* **WORK REQUEST**: In the material below, the lines to reproduce exactly are the one containing "by (auto intro: is_insect_induced[OF H])" and all lines after it through the last.

* **SUPPLIED INFORMATION**:
#####
text \<open>Every sub-insect of \<open>G\<^sub>1 \<uplus> G\<^sub>2\<close> is induced by a label set that lies in \<open>G\<^sub>1\<close>, lies in
  \<open>G\<^sub>2\<close>, or straddles both. The first two kinds are exactly the sub-insects of \<open>G\<^sub>1\<close> and of
  \<open>G\<^sub>2\<close>, and the straddling ones are never connected, since no hyperedge of \<open>G\<^sub>1\<close> meets a
  label of \<open>G\<^sub>2\<close> or vice versa. Hence \<open>f(G\<^sub>1 \<uplus> G\<^sub>2) - f(G\<^sub>1) - f(G\<^sub>2)\<close> is the sum of \<open>a\<close> over
  disconnected sub-insects, which gives one direction. Conversely, every disconnected \<open>H\<close>
  splits as \<open>G\<^sub>1 \<uplus> G\<^sub>2\<close>; additivity makes the straddling sum vanish, and by induction on the
  size all its terms except \<open>a\<^sub>H\<close> itself vanish already.\<close>

lemma labels_induced [simp]: "labels (induced G S) = S"
  by (simp add: induced_def labels_def)

lemma hedges_induced [simp]: "hedges (induced G S) = {e \<in> hedges G. e \<inter> S \<noteq> {}}"
  by (simp add: induced_def hedges_def)

lemma labels_insect_union [simp]: "labels (insect_union G1 G2) = labels G1 \<union> labels G2"
  by (simp add: insect_union_def labels_def)

lemma hedges_insect_union [simp]: "hedges (insect_union G1 G2) = hedges G1 \<union> hedges G2"
  by (simp add: insect_union_def hedges_def)

lemma insect_eqI: "labels G = labels H \<Longrightarrow> hedges G = hedges H \<Longrightarrow> G = H"
  by (simp add: labels_def hedges_def prod_eq_iff)

lemma wsic_eq_sum_induced:
  "wsic a G = (\<Sum>S\<in>{S. S \<noteq> {} \<and> S \<subseteq> labels G}. a (induced G S))"
proof -
  have "{H. sub_insect H G} = induced G ` {S. S \<noteq> {} \<and> S \<subseteq> labels G}"
    unfolding sub_insect_def by auto
  moreover have "inj_on (induced G) {S. S \<noteq> {} \<and> S \<subseteq> labels G}"
    by (rule inj_onI) (metis labels_induced)
  ultimately show ?thesis
    unfolding wsic_def by (simp add: sum.reindex)
qed

lemma is_insect_induced:
  assumes "is_insect G" "S \<noteq> {}" "S \<subseteq> labels G"
  shows "is_insect (induced G S)"
  using assms unfolding is_insect_def by (auto intro: finite_subset)

lemma induced_labels:
  assumes "is_insect G"
  shows "induced G (labels G) = G"
  using assms unfolding is_insect_def by (intro insect_eqI) auto

lemma is_insect_insect_union:
  assumes "is_insect G1" "is_insect G2"
  shows "is_insect (insect_union G1 G2)"
  using assms unfolding is_insect_def by simp blast

lemma insect_disjoint_sym: "insect_disjoint G1 G2 \<Longrightarrow> insect_disjoint G2 G1"
  unfolding insect_disjoint_def by blast

lemma insect_union_commute: "insect_union G1 G2 = insect_union G2 G1"
  unfolding insect_union_def by (simp add: Un_commute)

lemma insect_disjoint_hedge_misses_labels:
  assumes "insect_disjoint G1 G2" "e \<in> hedges G2"
  shows "e \<inter> labels G1 = {}"
  using assms unfolding insect_disjoint_def boundary_def by blast

lemma induced_insect_union_left:
  assumes "insect_disjoint G1 G2" "S \<subseteq> labels G1"
  shows "induced (insect_union G1 G2) S = induced G1 S"
proof -
  have "e \<inter> S = {}" if "e \<in> hedges G2" for e
    using insect_disjoint_hedge_misses_labels[OF assms(1) that] assms(2) by blast
  then show ?thesis
    unfolding induced_def by auto
qed

lemma induced_insect_union_right:
  assumes "insect_disjoint G1 G2" "S \<subseteq> labels G2"
  shows "induced (insect_union G1 G2) S = induced G2 S"
  using induced_insect_union_left[OF insect_disjoint_sym[OF assms(1)] assms(2)]
  by (metis insect_union_commute)

definition straddling :: "'v insect \<Rightarrow> 'v insect \<Rightarrow> 'v set set" where
  "straddling G1 G2 =
     {S. S \<subseteq> labels G1 \<union> labels G2 \<and> S \<inter> labels G1 \<noteq> {} \<and> S \<inter> labels G2 \<noteq> {}}"

lemma finite_straddling:
  assumes "finite (labels G1)" "finite (labels G2)"
  shows "finite (straddling G1 G2)"
proof (rule finite_subset)
  show "straddling G1 G2 \<subseteq> Pow (labels G1 \<union> labels G2)"
    unfolding straddling_def by blast
qed (use assms in simp)

lemma wsic_insect_union:
  assumes d: "insect_disjoint G1 G2" and fin: "finite (labels G1)" "finite (labels G2)"
  shows "wsic a (insect_union G1 G2) = wsic a G1 + wsic a G2
           + (\<Sum>S\<in>straddling G1 G2. a (induced (insect_union G1 G2) S))"
proof -
  let ?G = "insect_union G1 G2"
  let ?A = "{S. S \<noteq> {} \<and> S \<subseteq> labels G1}"
  let ?B = "{S. S \<noteq> {} \<and> S \<subseteq> labels G2}"
  let ?f = "\<lambda>S. a (induced ?G S)"
  have dis: "labels G1 \<inter> labels G2 = {}"
    using d unfolding insect_disjoint_def by blast
  have fin_AB: "finite ?A" "finite ?B"
    using fin by simp_all
  have "{S. S \<noteq> {} \<and> S \<subseteq> labels ?G} = (?A \<union> ?B) \<union> straddling G1 G2"
    unfolding straddling_def using dis by simp blast
  then have "wsic a ?G = sum ?f ((?A \<union> ?B) \<union> straddling G1 G2)"
    by (simp add: wsic_eq_sum_induced)
  also have "\<dots> = sum ?f (?A \<union> ?B) + sum ?f (straddling G1 G2)"
  proof (rule sum.union_disjoint)
    show "(?A \<union> ?B) \<inter> straddling G1 G2 = {}"
      unfolding straddling_def using dis by blast
  qed (use fin fin_AB in \<open>auto simp: finite_straddling\<close>)
  also have "sum ?f (?A \<union> ?B) = sum ?f ?A + sum ?f ?B"
    using fin_AB dis by (intro sum.union_disjoint) blast+
  also have "sum ?f ?A = wsic a G1"
    by (simp add: wsic_eq_sum_induced induced_insect_union_left[OF d])
  also have "sum ?f ?B = wsic a G2"
    by (simp add: wsic_eq_sum_induced induced_insect_union_right[OF d])
  finally show ?thesis .
qed

lemma insect_adj_induced_union_stays_left:
  assumes d: "insect_disjoint G1 G2" and S: "S \<subseteq> labels G1 \<union> labels G2"
    and uv: "(u, v) \<in> insect_adj (induced (insect_union G1 G2) S)" and u: "u \<in> labels G1"
  shows "v \<in> labels G1"
proof -
  obtain e where e: "e \<in> hedges G1 \<union> hedges G2" "u \<in> e" "v \<in> e \<inter> S"
    using uv unfolding insect_adj_def by auto
  have "e \<notin> hedges G2"
    using insect_disjoint_hedge_misses_labels[OF d] e(2) u by blast
  then have "e \<inter> labels G2 = {}"
    using insect_disjoint_hedge_misses_labels[OF insect_disjoint_sym[OF d]] e(1) by blast
  then show ?thesis
    using e(3) S by blast
qed

lemma straddling_induced_disconnected:
  assumes d: "insect_disjoint G1 G2" and S: "S \<in> straddling G1 G2"
  shows "\<not> insect_connected (induced (insect_union G1 G2) S)"
proof
  assume "insect_connected (induced (insect_union G1 G2) S)"
  moreover obtain x y where "x \<in> S \<inter> labels G1" "y \<in> S \<inter> labels G2"
    using S unfolding straddling_def by blast
  ultimately have path: "(x, y) \<in> (insect_adj (induced (insect_union G1 G2) S))\<^sup>*"
    and "x \<in> labels G1" "y \<in> labels G2"
    unfolding insect_connected_def by auto
  from path \<open>x \<in> labels G1\<close> have "y \<in> labels G1"
    by (induction rule: rtrancl_induct)
       (use insect_adj_induced_union_stays_left[OF d] S in \<open>auto simp: straddling_def\<close>)
  with \<open>y \<in> labels G2\<close> d show False
    unfolding insect_disjoint_def by blast
qed

lemma is_insect_induced_straddling:
  assumes "is_insect G1" "is_insect G2" "S \<in> straddling G1 G2"
  shows "is_insect (induced (insect_union G1 G2) S)"
proof (rule is_insect_induced)
  show "is_insect (insect_union G1 G2)"
    using assms(1,2) by (rule is_insect_insect_union)
qed (use assms(3) in \<open>auto simp: straddling_def\<close>)

lemma not_connected_imp_insect_union:
  assumes H: "is_insect H" and nc: "\<not> insect_connected H"
  obtains G1 G2 where "is_insect G1" "is_insect G2" "insect_disjoint G1 G2"
    "H = insect_union G1 G2"
proof -
  obtain x y where xy: "x \<in> labels H" "y \<in> labels H" "(x, y) \<notin> (insect_adj H)\<^sup>*"
    using nc unfolding insect_connected_def by auto
  define S1 where "S1 = {z \<in> labels H. (x, z) \<in> (insect_adj H)\<^sup>*}"
  define S2 where "S2 = labels H - S1"
  have no_bridge: "e \<inter> S1 = {} \<or> e \<inter> S2 = {}" if e: "e \<in> hedges H" for e
  proof (rule ccontr)
    assume "\<not> (e \<inter> S1 = {} \<or> e \<inter> S2 = {})"
    then obtain z1 z2 where z: "z1 \<in> e \<inter> S1" "z2 \<in> e \<inter> S2"
      by auto
    then have "(z1, z2) \<in> insect_adj H" "(x, z1) \<in> (insect_adj H)\<^sup>*"
      using e unfolding insect_adj_def S1_def S2_def by auto
    then have "(x, z2) \<in> (insect_adj H)\<^sup>*"
      by simp
    then show False
      using z unfolding S1_def S2_def by auto
  qed
  have S: "x \<in> S1" "y \<in> S2" "S1 \<subseteq> labels H" "S2 \<subseteq> labels H" "S1 \<inter> S2 = {}"
    using xy unfolding S1_def S2_def by auto
  then have "is_insect (induced H S1)" "is_insect (induced H S2)"
    by (auto intro: is_insect_induced[OF H])
  moreover have "insect_disjoint (induced H S1) (induced H S2)"
    unfolding insect_disjoint_def boundary_def using no_bridge S(5) by auto
  moreover have "H = insect_union (induced H S1) (induced H S2)"
  proof -
    have "labels H = S1 \<union> S2"
      using S(3) unfolding S2_def by blast
    moreover have "hedges H = {e \<in> hedges H. e \<inter> S1 \<noteq> {}} \<union> {e \<in> hedges H. e \<inter> S2 \<noteq> {}}"
      using H calculation unfolding is_insect_def by blast
    ultimately show ?thesis
      by (intro insect_eqI) simp_all
  qed
  ultimately show ?thesis
    using that by blast
qed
#####
* **RESPONSE**:
    by (auto intro: is_insect_induced[OF H])
  moreover have "insect_disjoint (induced H S1) (induced H S2)"
    unfolding insect_disjoint_def boundary_def using no_bridge S(5) by auto
  moreover have "H = insect_union (induced H S1) (induced H S2)"
  proof -
    have "labels H = S1 \<union> S2"
      using S(3) unfolding S2_def by blast
    moreover have "hedges H = {e \<in> hedges H. e \<inter> S1 \<noteq> {}} \<union> {e \<in> hedges H. e \<inter> S2 \<noteq> {}}"
      using H calculation unfolding is_insect_def by blast
    ultimately show ?thesis
      by (intro insect_eqI) simp_all
  qed
  ultimately show ?thesis
    using that by blast
qed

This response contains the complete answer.